The BH3-like motif-containing inducer of cell death (BLID) is an intronless gene localized on 11q24.1. Loss of that region has frequently been reported in early-onset breast cancer and is significantly associated with poor prognosis and reduced survival. Downregulation of BLID is associated with younger age, triple-negative phenotype, and reduced disease-free and overall survival of breast cancer patients. In this study, we investigated allelic loss of BLID in breast tumor specimens from 78 women with invasive breast cancer using 2 dinucleotide polymorphic markers closely linked to the BLID gene (no intragenic marker for BLID is available). Seventy-three cases were informative. Overall, loss of heterozygosity (LOH) at the BLID locus was detected in 32% of the informative cases (23/73). However, in patients 40 years old and younger, LOH was detected in 50% of the cases (9/18). Patients aged 40 years and younger were significantly more likely to experience LOH than those aged 41–55 years (p = 0.04). Specifically, the odds of BLID loss for patients aged 40 years and younger were 3.7 times the odds of loss for patients aged 41–55 years (95% CI, 1.1–13). Our findings suggest a tumor suppressor role of the BLID gene in early-onset breast cancer.

Keywords:
BLID gene, Early-onset breast cancer, Loss of heterozygosity

Breast cancer is the most common cancer in women and the second leading cause of cancer death. Lymph node involvement, tumor size, histology, and hormone receptor status are the main prognostic factors used in breast cancer, even though the heterogeneous nature of the disease makes the prediction of recurrence difficult. Although breast cancer risk increases with age, the disease is more aggressive in women 40 years old or younger (early onset). Younger women are faced with a poorer prognosis, worse disease-free survival, higher mortality, and increased risk of recurrence even when controlling for stage, treatment and race [Chung et al., 1996; Sinha et al., 2008; Fredholm et al., 2009; Gnerlich et al., 2009; Sariego, 2010].

The more aggressive clinical picture in early-onset breast cancer as compared to later-onset disease includes larger tumor size, presence of positive lymph nodes, absence of steroid receptors, and high S-phase fraction, suggesting that young age may by itself be an independent factor for a poor outcome.
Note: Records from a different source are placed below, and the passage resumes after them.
(* Let $G$ be a locally soluble group in which every non-abelian subgroup $H$ satisfies $C_G(H)\le H$. If the hypercenter of $G$ contains two non-commuting elements of finite order, then $G$ is locally finite.
   Context: The hypercenter of $G$ is the final term of the (transfinite) upper central series of $G$. $C_G(H)$ denotes the centralizer of $H$ in $G$. *)

theory Defs
  imports "HOL-Algebra.Algebra"
begin

definition centralizer_set :: "('a, 'b) monoid_scheme \<Rightarrow> 'a set \<Rightarrow> 'a set" where
  "centralizer_set G H = {g \<in> carrier G. \<forall>h \<in> H. g \<otimes>\<^bsub>G\<^esub> h = h \<otimes>\<^bsub>G\<^esub> g}"

text \<open>The hypercenter (last term of the transfinite upper central
  series, obtained by iterating this monotone operator transfinitely from {1}, taking unions
  at limits) is the least fixed point of this operator.\<close>
definition upper_central_step :: "('a, 'b) monoid_scheme \<Rightarrow> 'a set \<Rightarrow> 'a set" where
  "upper_central_step G N = {\<one>\<^bsub>G\<^esub>} \<union>
     {g \<in> carrier G. \<forall>x \<in> carrier G.
        g \<otimes>\<^bsub>G\<^esub> x \<otimes>\<^bsub>G\<^esub> inv\<^bsub>G\<^esub> g \<otimes>\<^bsub>G\<^esub> inv\<^bsub>G\<^esub> x \<in> N}"

definition hypercenter :: "('a, 'b) monoid_scheme \<Rightarrow> 'a set" where
  "hypercenter G = lfp (upper_central_step G)"

definition locally_soluble :: "('a, 'b) monoid_scheme \<Rightarrow> bool" where
  "locally_soluble G \<longleftrightarrow>
     (\<forall>S. S \<subseteq> carrier G \<and> finite S \<longrightarrow> solvable (G\<lparr>carrier := generate G S\<rparr>))"

definition locally_finite_group :: "('a, 'b) monoid_scheme \<Rightarrow> bool" where
  "locally_finite_group G \<longleftrightarrow>
     (\<forall>S. S \<subseteq> carrier G \<and> finite S \<longrightarrow> finite (generate G S))"

definition finite_order_elem :: "('a, 'b) monoid_scheme \<Rightarrow> 'a \<Rightarrow> bool" where
  "finite_order_elem G x \<longleftrightarrow> x \<in> carrier G \<and> (\<exists>n::nat. n > 0 \<and> x [^]\<^bsub>G\<^esub> n = \<one>\<^bsub>G\<^esub>)"

end

theory Submission
  imports Defs
begin

text \<open>Let \<open>x\<close>, \<open>y\<close> be non-commuting elements of finite order in the hypercentre and let
  \<open>H\<close> be generated by a finite set together with \<open>x\<close> and \<open>y\<close>. As \<open>H\<close> is finitely
  generated, \<open>x\<close> and \<open>y\<close> lie in a finite term \<open>Z\<^sub>k(H)\<close> of its upper central series.
  Dietzmann's lemma (a finite conjugation-closed set of elements of finite order generates a
  finite subgroup), applied in the quotients \<open>H/Z\<^sub>i(H)\<close>, shows that finitely many elements of
  finite order of \<open>Z\<^sub>k(H)\<close> generate a finite subgroup. Hence the normal closure \<open>M\<close> of
  \<open>{x, y}\<close> in \<open>H\<close> is finite: it is generated by the iterated commutators of \<open>x\<close>, \<open>y\<close> with
  the generators, only finitely many of which are nontrivial. Since \<open>\<langle>x, y\<rangle>\<close> is
  non-abelian, \<open>C\<^sub>H(M) \<le> C\<^sub>G(\<langle>x, y\<rangle>) \<le> \<langle>x, y\<rangle> \<le> M\<close>, and as \<open>H/C\<^sub>H(M)\<close> embeds into
  the finite group of automorphisms of \<open>M\<close>, \<open>H\<close> is finite.\<close>

definition commutator :: "('a, 'b) monoid_scheme \<Rightarrow> 'a \<Rightarrow> 'a \<Rightarrow> 'a" where
  "commutator G a b = a \<otimes>\<^bsub>G\<^esub> b \<otimes>\<^bsub>G\<^esub> inv\<^bsub>G\<^esub> a \<otimes>\<^bsub>G\<^esub> inv\<^bsub>G\<^esub> b"

context group
begin

lemma inv_mult_cancel_left [simp]: "\<lbrakk>x \<in> carrier G; y \<in> carrier G\<rbrakk> \<Longrightarrow> inv x \<otimes> (x \<otimes> y) = y"
  by (simp add: m_assoc [symmetric])

lemma mult_inv_cancel_left [simp]: "\<lbrakk>x \<in> carrier G; y \<in> carrier G\<rbrakk> \<Longrightarrow> x \<otimes> (inv x \<otimes> y) = y"
  by (simp add: m_assoc [symmetric])

lemma commutator_closed [simp]:
  "a \<in> carrier G \<Longrightarrow> b \<in> carrier G \<Longrightarrow> commutator G a b \<in> carrier G"
  by (simp add: commutator_def)

lemma commutator_one_left [simp]: "h \<in> carrier G \<Longrightarrow> commutator G \<one> h = \<one>"
  by (simp add: commutator_def)

lemma commutator_one_right [simp]: "u \<in> carrier G \<Longrightarrow> commutator G u \<one> = \<one>"
  by (simp add: commutator_def)

lemma commutator_mult_left:
  "\<lbrakk>a \<in> carrier G; b \<in> carrier G; h \<in> carrier G\<rbrakk> \<Longrightarrow>
    commutator G (a \<otimes> b) h = a \<otimes> commutator G b h \<otimes> inv a \<otimes> commutator G a h"
  by (simp add: commutator_def m_assoc inv_mult_group)

lemma commutator_inv_left:
  "\<lbrakk>a \<in> carrier G; h \<in> carrier G\<rbrakk> \<Longrightarrow>
    commutator G (inv a) h = inv a \<otimes> inv (commutator G a h) \<otimes> a"
  by (simp add: commutator_def m_assoc inv_mult_group)

lemma commutator_conj_left:
  "\<lbrakk>a \<in> carrier G; x \<in> carrier G; h \<in> carrier G\<rbrakk> \<Longrightarrow>
    commutator G (x \<otimes> a \<otimes> inv x) h = x \<otimes> commutator G a (inv x \<otimes> h \<otimes> x) \<otimes> inv x"
  by (simp add: commutator_def m_assoc inv_mult_group)

lemma commutator_mult_right:
  "\<lbrakk>u \<in> carrier G; a \<in> carrier G; b \<in> carrier G\<rbrakk> \<Longrightarrow>
    commutator G u (a \<otimes> b) = commutator G u a \<otimes> (a \<otimes> commutator G u b \<otimes> inv a)"
  by (simp add: commutator_def m_assoc inv_mult_group)

lemma commutator_inv_right:
  "\<lbrakk>u \<in> carrier G; a \<in> carrier G\<rbrakk> \<Longrightarrow>
    commutator G u (inv a) = inv a \<otimes> inv (commutator G u a) \<otimes> a"
  by (simp add: commutator_def m_assoc inv_mult_group)

lemma conj_pow:
  "\<lbrakk>b \<in> carrier G; a \<in> carrier G\<rbrakk> \<Longrightarrow> (b \<otimes> a \<otimes> inv b) [^] (n::nat) = b \<otimes> a [^] n \<otimes> inv b"
  by (induction n) (auto simp: m_assoc)

lemma finite_order_elem_iff_ord:
  "finite_order_elem G x \<longleftrightarrow> x \<in> carrier G \<and> ord x \<noteq> 0"
  by (metis finite_order_elem_def ord_eq_0 bot_nat_0.not_eq_extremum)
Therefore, it stands to reason that identification of genes involved in the initiation and progression of early-onset breast cancer, correlation between alterations in these genes (e.g. loss of function, amplification) and outcome (e.g. response to therapy, survival) will improve our understanding of the disease and possibly its management in this age group. Loss of heterozygosity (LOH) studies are often used to investigate chromosomal deletions and identify possible regions harboring tumor suppressor genes [Wang et al., 2004; Rothenberg and Settleman, 2010]. LOH studies have shown extensive loss at 11q24–q25 in early-onset breast cancer and a significant association with poor prognosis and reduced survival [Gentile et al., 1999, 2001a, b; Chunder et al., 2004; Climent et al., 2007]. The high frequency of LOH at chromosome 11q24.1–11q25 in early-onset breast cancer and the association of this loss with poor prognosis of breast and ovarian neoplasias suggest that this chromosomal region may harbor putative tumor suppressor gene(s) [Ferti-Passantonopoulou et al., 1991; Gabra et al., 1996; di Iasio et al., 1999; Gentile et al., 1999, 2001a, b; Agrup et al., 2000; Choi et al., 2003; Weber-Mangal et al., 2003; Chunder et al., 2004; Jong et al., 2004; Climent et al., 2007].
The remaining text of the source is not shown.